Data extracted from a collection:
......

lemma DD_level_shift_left:
  assumes k: "k \<le> - 2*int n"
  shows "DD_level hl hr n j (unit_seq (k-1)) (x - hl) = DD_level hl hr n j (unit_seq k) x"
proof (cases "x \<ge> 0")
  case True
  have "t (k - 1 + 2*int n - 1) \<le> t (-1)" using k by (subst mesh_le_iff) simp
  then have a: "x - hl \<ge> t (k - 1 + 2*int n - 1)" using True mesh_nonpos[of "-1"] by simp
  have "t (k + 2*int n - 1) \<le> 0" using k mesh_le_iff[of "k + 2*int n - 1" 0] by (simp add: mesh_def)
  then have b: "x \<ge> t (k + 2*int n - 1)" using True by simp
  show ?thesis using DD_level_zero_outside a b by simp
next
  case False
  obtain m where m: "t m / 2^j \<le> x" "x < t (m+1) / 2^j" using scaled_mesh_cell by blast
  have m0: "m + 1 \<le> 0"
  proof (rule ccontr)
    assume "\<not> m + 1 \<le> 0" then have "t 0 \<le> t m" using mesh_le_iff by simp
    then have "0 \<le> t m / 2^j" by (simp add: mesh_def)
    then show False using m False by linarith
  qed
  define M :: int where "M = 2^j"
  have sh: "t (i - M) / 2^j = t i / 2^j - hl" if "i \<le> 0" for i
  proof -
    have "(0::int) \<le> 2^j" by simp
    then have "i - M \<le> 0" using that unfolding M_def by linarith
    then show ?thesis using that mesh_nonpos[of i] mesh_nonpos[of "i-M"] by (simp add: M_def field_simps)
  qed
  have m': "t (m - M) / 2^j \<le> x - hl" "x - hl < t (m - M + 1) / 2^j"
    using m sh[of m] sh[of "m+1"] m0 by (simp_all add: algebra_simps)
  have "interp j (subdiv (k-1) j) (x - hl) = subdiv (k-1) j (m-M) + (subdiv (k-1) j (m-M+1) - subdiv (k-1) j (m-M)) *
        (x - hl - t (m-M) / 2^j) / (t (m-M+1) / 2^j - t (m-M) / 2^j)"
    by (rule interp_on_cell[OF m'])
  also have "\<dots> = subdiv k j m + (subdiv k j (m+1) - subdiv k j m) * (x - t m / 2^j) / (t (m+1) / 2^j - t m / 2^j)"
  proof -
    have e1: "t (m - M + 1) = t (m + 1 - M)" by (simp add: algebra_simps)
    have e2: "subdiv (k-1) j (m-M+1) = subdiv k j (m+1)" "subdiv (k-1) j (m-M) = subdiv k j m"
      using subdiv_shift_left[OF k, of j] by (simp_all add: M_def algebra_simps)
    show ?thesis unfolding e1 e2 using sh[of m] sh[of "m+1"] m0 by simp
  qed
  also have "\<dots> = interp j (subdiv k j) x" by (rule interp_on_cell[OF m, symmetric])
  finally show ?thesis unfolding DD_level_eq_interp .
qed

end

section \<open>The scaling functions\<close>

locale DD_scaling_functions = semiregular_DD +
  fixes \<phi> :: "int \<Rightarrow> real \<Rightarrow> real"
  assumes limit: "\<And>k. continuous_on UNIV (\<phi> k) \<and>
                 uniform_limit UNIV (\<lambda>j. DD_level hl hr n j (unit_seq k)) (\<phi> k) sequentially"
    and pos_int: "\<And>k. integral UNIV (\<phi> k) > 0"
begin

lemma phi_pointwise_limit: "(\<lambda>j. DD_level hl hr n j (unit_seq k) x) \<longlonglongrightarrow> \<phi> k x"
  using limit[of k] by (intro tendsto_uniform_limitI) auto

lemma phi_continuous: "continuous_on UNIV (\<phi> k)" using limit by blast

lemma phi_eq_if_levels_const:
  assumes "\<And>j. DD_level hl hr n j (unit_seq k) x = c"
  shows "\<phi> k x = c"
  using LIMSEQ_unique[OF phi_pointwise_limit[of k x]] assms by simp

lemma phi_eq_if_levels_eq:
  assumes "\<And>j. DD_level hl hr n j (unit_seq k) x = DD_level hl hr n j (unit_seq k') x'"
  shows "\<phi> k x = \<phi> k' x'"
  using LIMSEQ_unique[OF phi_pointwise_limit[of k x]] phi_pointwise_limit[of k' x'] assms by simp

lemma phi_zero_outside:
  "x \<le> t (k - 2*int n + 1) \<or> x \<ge> t (k + 2*int n - 1) \<Longrightarrow> \<phi> k x = 0"
  by (rule phi_eq_if_levels_const) (rule DD_level_zero_outside)

lemma phi_node: "\<phi> k (t m) = unit_seq k m"
  by (rule phi_eq_if_levels_const) (rule DD_level_node)

lemma phi_shift_right: "k \<ge> 2*int n - 1 \<Longrightarrow> \<phi> (k+1) (x + hr) = \<phi> k x"
  by (rule phi_eq_if_levels_eq) (rule DD_level_shift_right)

lemma phi_shift_left: "k \<le> - 2*int n \<Longrightarrow> \<phi> (k-1) (x - hl) = \<phi> k x"
  by (rule phi_eq_if_levels_eq) (rule DD_level_shift_left)

lemma phi_translate_right: "k \<ge> 2*int n - 1 \<Longrightarrow> \<phi> k x = \<phi> (2*int n - 1) (x - of_int (k - (2*int n - 1)) * hr)"
proof (induction k arbitrary: x rule: int_ge_induct)
  case base then show ?case by simp
next
  case (step k)
  have "\<phi> (k+1) x = \<phi> (k+1) ((x - hr) + hr)" by simp
  also have "\<dots> = \<phi> k (x - hr)" by (rule phi_shift_right[OF step(1)])
  also have "\<dots> = \<phi> (2*int n - 1) (x - hr - of_int (k - (2*int n - 1)) * hr)" by (rule step(2))
  also have "x - hr - of_int (k - (2*int n - 1)) * hr = x - of_int (k + 1 - (2*int n - 1)) * hr"
    by (simp add: algebra_simps)
  finally show ?case .
qed

lemma phi_translate_left: "k \<le> - 2*int n \<Longrightarrow> \<phi> k x = \<phi> (- 2*int n) (x - of_int (k + 2*int n) * hl)"
proof (induction k arbitrary: x rule: int_le_induct)
  case base then show ?case by simp
next
  case (step k)
  have "\<phi> (k-1) x = \<phi> (k-1) ((x + hl) - hl)" by simp
  also have "\<dots> = \<phi> k (x + hl)" by (rule phi_shift_left[OF step(1)])
  also have "\<dots> = \<phi> (- 2*int n) (x + hl - of_int (k + 2*int n) * hl)" by (rule step(2))
  also have "x + hl - of_int (k + 2*int n) * hl = x - of_int (k - 1 + 2*int n) * hl"
    by (simp add: algebra_simps)
  finally show ?case .
qed

abbreviation profile_idx where "profile_idx \<equiv> {- 2*int n .. 2*int n - 1}"

lemma phi_translate_profile: "\<exists>k0\<in>profile_idx. \<exists>s. \<forall>x. \<phi> k x = \<phi> k0 (x - s)"
proof -
  consider "k \<ge> 2*int n - 1" | "k \<le> - 2*int n" | "k \<in> profile_idx"
    by (cases "k \<ge> 2*int n - 1"; cases "k \<le> - 2*int n") auto
  then show ?thesis
  proof cases
    case 1
    have "\<forall>x. \<phi> k x = \<phi> (2*int n - 1) (x - of_int (k - (2*int n - 1)) * hr)" using phi_translate_right[OF 1] by blast
    moreover have "2*int n - 1 \<in> profile_idx" using n1 by simp
    ultimately show ?thesis by blast
  next
    case 2
    have "\<forall>x. \<phi> k x = \<phi> (- 2*int n) (x - of_int (k + 2*int n) * hl)" using phi_translate_left[OF 2] by blast
    moreover have "- 2*int n \<in> profile_idx" using n1 by simp
    ultimately show ?thesis by blast
  next
    case 3 then show ?thesis by (intro bexI[of _ k] exI[of _ 0]) auto
  qed
qed

definition profile_lo where "profile_lo = t (- 4 * int n)"
definition profile_hi where "profile_hi = t (4 * int n)"

lemma profile_vanishes_outside: "k0 \<in> profile_idx \<Longrightarrow> x \<notin> {profile_lo..profile_hi} \<Longrightarrow> \<phi> k0 x = 0"
proof (rule phi_zero_outside)
  assume k0: "k0 \<in> profile_idx" and x: "x \<notin> {profile_lo..profile_hi}"
  have "t (- 4 * int n) \<le> t (k0 - 2*int n + 1)" "t (k0 + 2*int n - 1) \<le> t (4 * int n)"
    using k0 by (simp_all add: mesh_le_iff)
  then show "x \<le> t (k0 - 2*int n + 1) \<or> x \<ge> t (k0 + 2*int n - 1)"
    using x unfolding profile_lo_def profile_hi_def by auto
qed

definition phi_int where "phi_int k = integral UNIV (\<phi> k)"

lemma phi_translate_profile_integral: "\<exists>k0\<in>profile_idx. \<exists>s. \<forall>x. \<phi> k x = \<phi> k0 (x - s) \<and> phi_int k = phi_int k0"
proof -
  obtain k0 s where k0: "k0 \<in> profile_idx" "\<And>x. \<phi> k x = \<phi> k0 (x - s)" using phi_translate_profile by blast
  have "\<phi> k = (\<lambda>x. \<phi> k0 (x - s))" using k0(2) by (rule ext)
  then have "phi_int k = integral UNIV (\<lambda>x. \<phi> k0 (x - s))" unfolding phi_int_def by simp
  also have "\<dots> = phi_int k0" unfolding phi_int_def by (rule integral_translate_vanishing_outside_Icc[where a = profile_lo and b = profile_hi]) (use profile_vanishes_outside k0 in auto)
  finally show ?thesis using k0 by blast
qed

abbreviation \<Phi> where "\<Phi> \<equiv> scaling_fun \<phi>"

lemma Phi_eq: "\<Phi> k x = \<phi> k x / sqrt (phi_int k)" unfolding scaling_fun_def phi_int_def ..

lemma Phi_translate_profile: "\<exists>k0\<in>profile_idx. \<exists>s. \<forall>x. \<Phi> k x = \<Phi> k0 (x - s)"
proof -
  obtain k0 s where k0: "k0 \<in> profile_idx" "\<And>x. \<phi> k x = \<phi> k0 (x - s)" "phi_int k = phi_int k0"
    using phi_translate_profile_integral[of k] by blast
  show ?thesis unfolding Phi_eq using k0 by (intro bexI[of _ k0] exI[of _ s]) auto
qed

lemma Phi_zero_outside: "x \<le> t (k - 2*int n + 1) \<or> x \<ge> t (k + 2*int n - 1) \<Longrightarrow> \<Phi> k x = 0"
  unfolding Phi_eq using phi_zero_outside by simp

lemma Phi_nonzero_between: "\<Phi> k x \<noteq> 0 \<Longrightarrow> t (k - 2*int n + 1) < x \<and> x < t (k + 2*int n - 1)"
  using Phi_zero_outside by (meson not_less)

lemma Phi_node: "\<Phi> k (t m) = unit_seq k m / sqrt (phi_int k)"
  unfolding Phi_eq phi_node ..

lemma phi_int_pos: "phi_int k > 0" unfolding phi_int_def by (rule pos_int)

lemma Phi_continuous: "continuous_on UNIV (\<Phi> k)"
  unfolding Phi_eq by (intro continuous_intros phi_continuous) (use phi_int_pos[of k] in auto)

......

ABOUT THIS TASK:
Word for word, restate the data above from its first line down to and including the line with "locale DD_scaling_functions = semiregular_DD".

COMPLETED TASK:
lemma DD_level_shift_left:
  assumes k: "k \<le> - 2*int n"
  shows "DD_level hl hr n j (unit_seq (k-1)) (x - hl) = DD_level hl hr n j (unit_seq k) x"
proof (cases "x \<ge> 0")
  case True
  have "t (k - 1 + 2*int n - 1) \<le> t (-1)" using k by (subst mesh_le_iff) simp
  then have a: "x - hl \<ge> t (k - 1 + 2*int n - 1)" using True mesh_nonpos[of "-1"] by simp
  have "t (k + 2*int n - 1) \<le> 0" using k mesh_le_iff[of "k + 2*int n - 1" 0] by (simp add: mesh_def)
  then have b: "x \<ge> t (k + 2*int n - 1)" using True by simp
  show ?thesis using DD_level_zero_outside a b by simp
next
  case False
  obtain m where m: "t m / 2^j \<le> x" "x < t (m+1) / 2^j" using scaled_mesh_cell by blast
  have m0: "m + 1 \<le> 0"
  proof (rule ccontr)
    assume "\<not> m + 1 \<le> 0" then have "t 0 \<le> t m" using mesh_le_iff by simp
    then have "0 \<le> t m / 2^j" by (simp add: mesh_def)
    then show False using m False by linarith
  qed
  define M :: int where "M = 2^j"
  have sh: "t (i - M) / 2^j = t i / 2^j - hl" if "i \<le> 0" for i
  proof -
    have "(0::int) \<le> 2^j" by simp
    then have "i - M \<le> 0" using that unfolding M_def by linarith
    then show ?thesis using that mesh_nonpos[of i] mesh_nonpos[of "i-M"] by (simp add: M_def field_simps)
  qed
  have m': "t (m - M) / 2^j \<le> x - hl" "x - hl < t (m - M + 1) / 2^j"
    using m sh[of m] sh[of "m+1"] m0 by (simp_all add: algebra_simps)
  have "interp j (subdiv (k-1) j) (x - hl) = subdiv (k-1) j (m-M) + (subdiv (k-1) j (m-M+1) - subdiv (k-1) j (m-M)) *
        (x - hl - t (m-M) / 2^j) / (t (m-M+1) / 2^j - t (m-M) / 2^j)"
    by (rule interp_on_cell[OF m'])
  also have "\<dots> = subdiv k j m + (subdiv k j (m+1) - subdiv k j m) * (x - t m / 2^j) / (t (m+1) / 2^j - t m / 2^j)"
  proof -
    have e1: "t (m - M + 1) = t (m + 1 - M)" by (simp add: algebra_simps)
    have e2: "subdiv (k-1) j (m-M+1) = subdiv k j (m+1)" "subdiv (k-1) j (m-M) = subdiv k j m"
      using subdiv_shift_left[OF k, of j] by (simp_all add: M_def algebra_simps)
    show ?thesis unfolding e1 e2 using sh[of m] sh[of "m+1"] m0 by simp
  qed
  also have "\<dots> = interp j (subdiv k j) x" by (rule interp_on_cell[OF m, symmetric])
  finally show ?thesis unfolding DD_level_eq_interp .
qed

end

section \<open>The scaling functions\<close>

locale DD_scaling_functions = semiregular_DD +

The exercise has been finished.